Only a few predicates are accepted:

  • the numeric singleton predicate [N] which selects the element at Context Position N (e.g. names/name[2] selects the 2nd <name> that is a child of <names>)
  • string value comparisons $A CMP $B where CMP is either '=' or '!=' and $A and $B are either string literals ('value' or "value"; for either form, a doubled delimiter is the escape sequence to write that delimiter, e.g. 'a''b' is the literal "a'b" and likewise "a""b" is 'a"b') or attribute names @NAME
  • string match functions "contains(a, b)", "starts-with(a, b)", and "ends-with(a, b)" where A and B are either literals or attribute names
  • the regular expression string match function "match(A, L)" where A is either a literal or an attribute name, and L is a string literal: this tests whether A matches the regular expression specified in L. Regular expression syntax is that of java.util.regex.Pattern, not that of XPath. The optional third (flags) argument in the XPath standard is not supported. Use the (?idmsux-idmsux) syntax inside the pattern to set pattern flags, instead.
  • numeric comparisons to the position() function (e.g. [position() < 4] selects the first three matches)
  • the special function [captureattrs()] which ensures that the attributes of the Element to which it is applied will be available when the handler function is called (see section V). This predicate is always true.
  • parenthesized expressions, the "and" and "or" boolean operators, and the function "not(EXPR)"
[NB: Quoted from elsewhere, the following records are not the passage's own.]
lemma sets_zero_infinitely_often: "{c \<in> space M. \<forall>N. \<exists>n\<ge>N. last (run c h n) = 0} \<in> sets M"
proof -
  have "{c \<in> space M. \<forall>N. \<exists>n\<ge>N. last (run c h n) = 0}
        = (\<Inter>N. \<Union>n\<in>{N..}. {c. last (run c h n) = 0})"
    by auto
  also have "\<dots> \<in> sets M"
    using sets_run[of "\<lambda>g. last g = 0" h] by auto
  finally show ?thesis .
qed

lemma recurrence:
  assumes "liminf (\<lambda>K::nat. (\<Sum>x<K. drift \<omega> (int x)) / of_nat K) < 1"
  shows "prob {c \<in> space M. \<forall>N. \<exists>n\<ge>N. walk c x n = 0} = 1"
proof -
  let ?never = "\<lambda>g. {c. \<forall>n. last (run c g n) \<noteq> 0}"
  have null: "(\<Union>N. \<Union>g\<in>extensions [x] N. ?never g) \<in> null_sets M"
    using never_zero_null[OF assms] extensions_nonempty[of "[x]"]
    by (intro null_sets_UN null_sets_UN') (auto simp: finite_extensions countable_finite)
  have "AE c in M. \<forall>N. \<exists>n\<ge>N. last (run c [x] n) = 0"
  proof (rule AE_I'[OF null], rule subsetI)
    fix c assume "c \<in> {c \<in> space M. \<not> (\<forall>N. \<exists>n\<ge>N. last (run c [x] n) = 0)}"
    then obtain N where "\<forall>n\<ge>N. last (run c [x] n) \<noteq> 0"
      by auto
    then have "c \<in> ?never (run c [x] N)"
      by (auto simp: run_add[symmetric])
    then show "c \<in> (\<Union>N. \<Union>g\<in>extensions [x] N. ?never g)"
      using run_in_extensions by blast
  qed
  then show ?thesis
    using prob_Collect_eq_1[of "\<lambda>c. \<forall>N. \<exists>n\<ge>N. last (run c [x] n) = 0"]
      sets_zero_infinitely_often[of "[x]"]
    by (simp add: walk_eq_last_run)
qed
AXS supports both the full and abbreviated naming forms of XPath. The "child::" axis prefix can be freely omitted, the "descendant::" prefix can be abbreviated as "//", and "attribute::" can be abbreviated as "@".

ADDITIONAL INFORMATION AVAILABLE TO HANDLER FUNCTIONS

AbstractAnnotatedHandler provides several functions which may be called by a handler function to request more information about the context of the handler call:

int tagDepth()

Returns how many elements deep the current path is to the root.

QName tagAtDepth(int depth)

Returns the tag at a given depth in the current path. Depth 0 is the root element.

int findTag(QName tag[, int start])

Returns the depth at which the tag can be found, or -1 if it was not found. Can optionally take the depth at which to start an incremental search.

Map<QName, String> attributesAtDepth(int depth)

Returns the attributes of the tag at a given depth, or null if they are not available. Note that the attributes of a given tag will only be available if they were used in a predicate, or if the special [captureattrs()] predicate was used. (Predicates which do not need the attributes to be evaluated don't capture them. If you want them available, write e.g. "...[position() > 2 and captureattrs()]".)

Handler subclasses are free to implement all the usual SAX DocumentHandler methods themselves if needed, but they must call the superclass implementation as well.